Ignoring the make value (i.e. setting \(c_m=0\)) brings us to the function

$$f(x,\alpha )\,=\,(\epsilon +break(x,\alpha ))^{-c_b}$$

We call this the break-only-poly-algorithm.

2.3 Some Remarks

As mentioned above, in both cases, the exp- and the poly-algorithm, it was a good choice to ignore the make value completely (by setting \(c_m=1\) in the exp-algorithm, or by setting \(c_m=0\) in the poly-algorithm). This corresponds to the vertical lines in Fig. 1, left diagrams. But nevertheless, the optimal choice in both cases, was to set \(c_m=0.5\) and \(c_b=3.6\) in the case of the exp-algorithm (and similarly for the poly-algorithm.) We have \(\frac{0.5^{make}}{3.6^{break}}\approx 3.6^{-(break+make/2)}\). This can be interpreted as follows: instead of the usual \(\,score=make-break\) a better score measure is \(\,-(break+make/2)\).

The value of \(c_b\) determines the greediness of the algorithm. We concentrate on \(c_b\) in this discussion since it seems to be the more important parameter. The higher the value of \(c_b\), the more greedy is the algorithm. A low value of \(c_b\) (in the extreme, \(c_b=1\) in the exp-algorithm) morphs the algorithm to a random walk algorithm with flip probabilities \((\frac{1}{k}, \ldots \frac{1}{k})\) like the one considered in [15]. Examining Fig. 1, almost a phase-transition can be observed. If \(c_b\) falls under some critical value, like 2.0, the expected run time increases tremendously. Turning towards the other side of the scale, increasing the value of \(c_b\), i.e. making the algorithm more greedy, also degrades the performance but not with such an abrupt rise of the running time as in the other case. These observations have also been made empirically by Hoos in [9], where he proposed to approximate the noise value from above, rather from below.

3 Experimental Analysis of the Functions

To determine the performance of our probability distribution based solver we have designed a wide variety of experiments. In the first part of our experiments we try to determine good settings for the parameters \(c_b\) and \(c_m\) by means of automatic configuration procedures. In the second part we will compare our solver to other state-of-the-art solvers.

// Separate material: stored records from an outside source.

lemma corthonormal_card_le:
  assumes "corthonormal (S :: (complex ^ 'd) set)" "finite S"
  shows "card S \<le> CARD('d)"
  using corthonormal_realification[OF assms] independent_bound[of "(\<lambda>(\<alpha>, b). \<alpha> *s b) ` ({1, \<i>} \<times> S)"]
  by simp

lemma cinner_corthonormal_residual:
  assumes "corthonormal S" "finite S" "b \<in> S"
  shows "cinner b (x - (\<Sum>a\<in>S. cinner a x *s a)) = 0"
proof -
  have "cinner b (\<Sum>a\<in>S. cinner a x *s a) = (\<Sum>a\<in>S. if a = b then cinner b x else 0)"
    using assms(1,3) by (auto simp: cinner_sum_right cinner_smult_right corthonormal_def intro: sum.cong)
  then show ?thesis
    using assms(2,3) by (simp add: cinner_diff_right)
qed

lemma corthonormal_insert:
  assumes "corthonormal S" "cinner u u = 1" "\<forall>b\<in>S. cinner b u = 0"
  shows "corthonormal (insert u S)" "u \<notin> S"
  using assms cinner_commute_zero by (force simp: corthonormal_def)+

lemma corthonormal_exists_orthogonal:
  assumes "corthonormal (S :: (complex ^ 'd) set)" "finite S" "card S < CARD('d)"
  shows "\<exists>x. x \<noteq> 0 \<and> (\<forall>b\<in>S. cinner b x = 0)"
proof -
  define T where "T = (\<lambda>(\<alpha>, b). \<alpha> *s b) ` ({1, \<i>} \<times> S)"
  have "span T \<noteq> UNIV"
  proof
    assume "span T = UNIV"
    then have "dim (UNIV :: (complex ^ 'd) set) \<le> card T"
      using dim_le_card[of UNIV T] assms(2) by (simp add: T_def)
    then show False
      using corthonormal_realification[OF assms(1,2)] assms(3) by (simp add: T_def)
  qed
  then obtain x where x: "x \<notin> span T" by blast
  have "cinner b x *s b \<in> span T" if "b \<in> S" for b
  proof -
    have "b \<in> span T" "\<i> *s b \<in> span T"
      using that by (force simp: T_def intro: span_base)+
    then show ?thesis
      by (subst smult_Re_Im) (intro span_add span_scale)
  qed
  then have "(\<Sum>b\<in>S. cinner b x *s b) \<in> span T"
    by (intro span_sum)
  then have "x - (\<Sum>b\<in>S. cinner b x *s b) \<noteq> 0"
    using x by auto
  then show ?thesis
    using cinner_corthonormal_residual[OF assms(1,2)] by blast
qed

3.1 The Benchmark Formulae

All random instances used in our settings are uniform random k-SAT problems generated with different clause to variable ratios, denoted with r. The class of random 3-SAT problems is the best studied class of random problems and because of this reason we have four different sets of 3-SAT instances.

  1. 1.

    3sat1k [21]: \(10^3\) variables at \(r=4.26\) (500 instances)

  2. 2.

    3sat10k [21]: \(10^4\) variables at \(r=4.2\) (500 instances)

  3. 3.

    3satCompFootnote 1: all large 3-SAT instances from the SAT Competition 2011 category random with variables range \(2\cdot 10^3\ldots 5\cdot 10^4\) at \(r=4.2\) (100 instances)

  4. 4.

    3satExtreme: \(10^5\ldots 5\cdot 10^5\) variables at \(r=4.2\) (180 instances)

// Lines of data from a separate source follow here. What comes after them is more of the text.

(* Let $\alpha_1,\alpha_2,\beta_1,\beta_2$ be positive constants, and let $\{a_k\}_{k\ge0}$, $\{b_k\}_{k\ge1}$ be non-negative sequences with $a_{k+1}\le\alpha_1a_k^2+\alpha_2$ for all $k\ge0$ and $b_{k+1}\le\beta_1b_k+\beta_2b_k^2$ for all $k\ge1$. Assume $\alpha_2\le\frac1{4\alpha_1}$ and $\beta_1<1$. If $a_0=0$ and $b_1\le\frac{\gamma-\beta_1}{\beta_2}$ for some $\gamma\in(\beta_1,1)$, then \[ 0\le\sup_{k\ge0}a_k\le2\alpha_2,\qquad \sum_{k=1}^\infty b_k\le\frac{b_1}{1-\gamma}. \] *)

theory Defs
  imports "HOL-Analysis.Analysis"
begin

end

theory Submission
  imports Defs
begin

text \<open>Both bounds come from invariant intervals. Since \<open>4 \<alpha>1 \<alpha>2 \<le> 1\<close>, the map
  \<open>x \<mapsto> \<alpha>1 x\<^sup>2 + \<alpha>2\<close> sends \<open>[0, 2 \<alpha>2]\<close> into itself, so \<open>a\<close> never leaves it.
  For \<open>b\<close>, the recursion gives \<open>b (k + 1) \<le> (\<beta>1 + \<beta>2 b k) b k\<close>; as long as \<open>b k \<le> b 1\<close>
  the factor is at most \<open>\<gamma>\<close>, so \<open>b\<close> decays at least geometrically with ratio \<open>\<gamma>\<close>
  and is dominated by a geometric series.\<close>

lemma quadratic_recurrence_bounded:
  fixes x :: "nat \<Rightarrow> real" and c d :: real
  assumes "c \<ge> 0" "d \<ge> 0" "4 * c * d \<le> 1"
    and nonneg: "\<And>k. x k \<ge> 0"
    and step: "\<And>k. x (Suc k) \<le> c * (x k)\<^sup>2 + d"
    and start: "x 0 \<le> 2 * d"
  shows "x k \<le> 2 * d"
proof (induction k)
  case 0
  show ?case using start .
next
  case (Suc k)
  have "c * (x k)\<^sup>2 \<le> c * (2 * d)\<^sup>2"
    using Suc nonneg[of k] \<open>c \<ge> 0\<close> by (intro mult_left_mono power_mono) auto
  also have "\<dots> = (4 * c * d) * d" by (simp add: power2_eq_square)
  also have "\<dots> \<le> d" using mult_right_mono[OF assms(3,2)] by simp
  finally show ?case using step[of k] by linarith
qed

lemma quadratic_recurrence_geometric_decay:
  fixes x :: "nat \<Rightarrow> real" and c d \<gamma> :: real
  assumes "d \<ge> 0" "0 \<le> \<gamma>" "\<gamma> \<le> 1"
    and nonneg: "\<And>k. x k \<ge> 0"
    and step: "\<And>k. x (Suc k) \<le> c * x k + d * (x k)\<^sup>2"
    and start: "c + d * x 0 \<le> \<gamma>"
  shows "x k \<le> \<gamma> ^ k * x 0"
proof (induction k)
  case 0
  show ?case by simp
next
  case (Suc k)
  have "\<gamma> ^ k * x 0 \<le> x 0"
    using nonneg[of 0] assms(2,3) by (simp add: mult_left_le_one_le power_le_one)
  with Suc have "x k \<le> x 0" by linarith
  then have factor: "c + d * x k \<le> \<gamma>"
    using start \<open>d \<ge> 0\<close> mult_left_mono[of "x k" "x 0" d] by linarith
  have "x (Suc k) \<le> x k * (c + d * x k)"
    using step[of k] by (simp add: power2_eq_square algebra_simps)
  also have "\<dots> \<le> x k * \<gamma>" using factor nonneg[of k] by (rule mult_left_mono)
  also have "\<dots> \<le> \<gamma> ^ k * x 0 * \<gamma>" using Suc \<open>0 \<le> \<gamma>\<close> by (rule mult_right_mono)
  finally show ?case by (simp add: algebra_simps)
qed

lemma summable_geometric_majorant:
  fixes x :: "nat \<Rightarrow> real" and \<gamma> C :: real
  assumes "0 \<le> \<gamma>" "\<gamma> < 1"
    and nonneg: "\<And>k. x k \<ge> 0"
    and bound: "\<And>k. x k \<le> \<gamma> ^ k * C"
  shows "summable x" and "suminf x \<le> C / (1 - \<gamma>)"
proof -
  have geom: "(\<lambda>k. \<gamma> ^ k * C) sums (C / (1 - \<gamma>))"
    using sums_mult2[OF geometric_sums, of \<gamma> C] assms(1,2) by simp
  show "summable x"
    by (rule summable_comparison_test'[OF sums_summable[OF geom]]) (use nonneg bound in simp)
  then show "suminf x \<le> C / (1 - \<gamma>)"
    using suminf_le[OF bound _ sums_summable[OF geom]] sums_unique[OF geom] by simp
qed

theorem lemma4p2:
  fixes \<alpha>1 \<alpha>2 \<beta>1 \<beta>2 \<gamma> :: real and a b :: "nat \<Rightarrow> real"
  assumes "\<alpha>1 > 0" "\<alpha>2 > 0" "\<beta>1 > 0" "\<beta>2 > 0"
    and "\<And>k. a k \<ge> 0"
    and "\<And>k. k \<ge> 1 \<Longrightarrow> b k \<ge> 0"
    and "\<And>k. a (Suc k) \<le> \<alpha>1 * (a k)\<^sup>2 + \<alpha>2"
    and "\<And>k. k \<ge> 1 \<Longrightarrow> b (Suc k) \<le> \<beta>1 * b k + \<beta>2 * (b k)\<^sup>2"
    and "\<alpha>2 \<le> 1 / (4 * \<alpha>1)"
    and "\<beta>1 < 1"
    and "a 0 = 0"
    and "\<beta>1 < \<gamma>" "\<gamma> < 1"
    and "b 1 \<le> (\<gamma> - \<beta>1) / \<beta>2"
  shows "bdd_above (range a) \<and> 0 \<le> (SUP k. a k) \<and> (SUP k. a k) \<le> 2 * \<alpha>2
         \<and> summable (\<lambda>k. b (k + 1)) \<and> (\<Sum>k. b (k + 1)) \<le> b 1 / (1 - \<gamma>)"
proof -
  have "4 * \<alpha>1 * \<alpha>2 \<le> 1" using assms(1,9) by (simp add: field_simps)
  then have a_le: "a k \<le> 2 * \<alpha>2" for k
    using quadratic_recurrence_bounded[of \<alpha>1 \<alpha>2 a] assms(1,2,5,7,11) by simp
  have bdd: "bdd_above (range a)" using a_le by (intro bdd_aboveI[of _ "2 * \<alpha>2"]) auto
  have sup_nonneg: "0 \<le> (SUP k. a k)" using cSUP_upper[OF _ bdd, of 0] assms(5)[of 0] by simp
  have sup_le: "(SUP k. a k) \<le> 2 * \<alpha>2" using a_le by (intro cSUP_least) auto
  have "\<beta>1 + \<beta>2 * b 1 \<le> \<gamma>" using assms(4,14) by (simp add: field_simps)
  then have "b (k + 1) \<le> \<gamma> ^ k * b 1" for k
    using quadratic_recurrence_geometric_decay[of \<beta>2 \<gamma> "\<lambda>k. b (k + 1)" \<beta>1 k]
      assms(3,4,6,8,12,13) by simp
  then have "summable (\<lambda>k. b (k + 1))" "(\<Sum>k. b (k + 1)) \<le> b 1 / (1 - \<gamma>)"
    using summable_geometric_majorant[of \<gamma> "\<lambda>k. b (k + 1)" "b 1"] assms(3,6,12,13) by simp_all
  with bdd sup_nonneg sup_le show ?thesis by blast
qed

end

The 5-SAT and 7-SAT problems used in our experiments come from [21]: 5sat500 (500 variables at \(r=20\)) and 7sat90 (90 variables at \(r=85\)). The 3sat1k, 3sat10k, 5sat500 and 7sat90 instance classes are divided into two equal sized classes called train and test. The train set is used to determine good parameters for \(c_b\) and \(c_m\) and the second class is used to report the performance. Further we also include the set of satisfiable random and crafted instances from the SAT Competition 2011.

3.2 Good Parameter Setting

The problem that every solver designer is confronted with is the determination of good parameters for its solvers. We have avoided to accomplish this task by manual tuning but instead have used an automatic procedure.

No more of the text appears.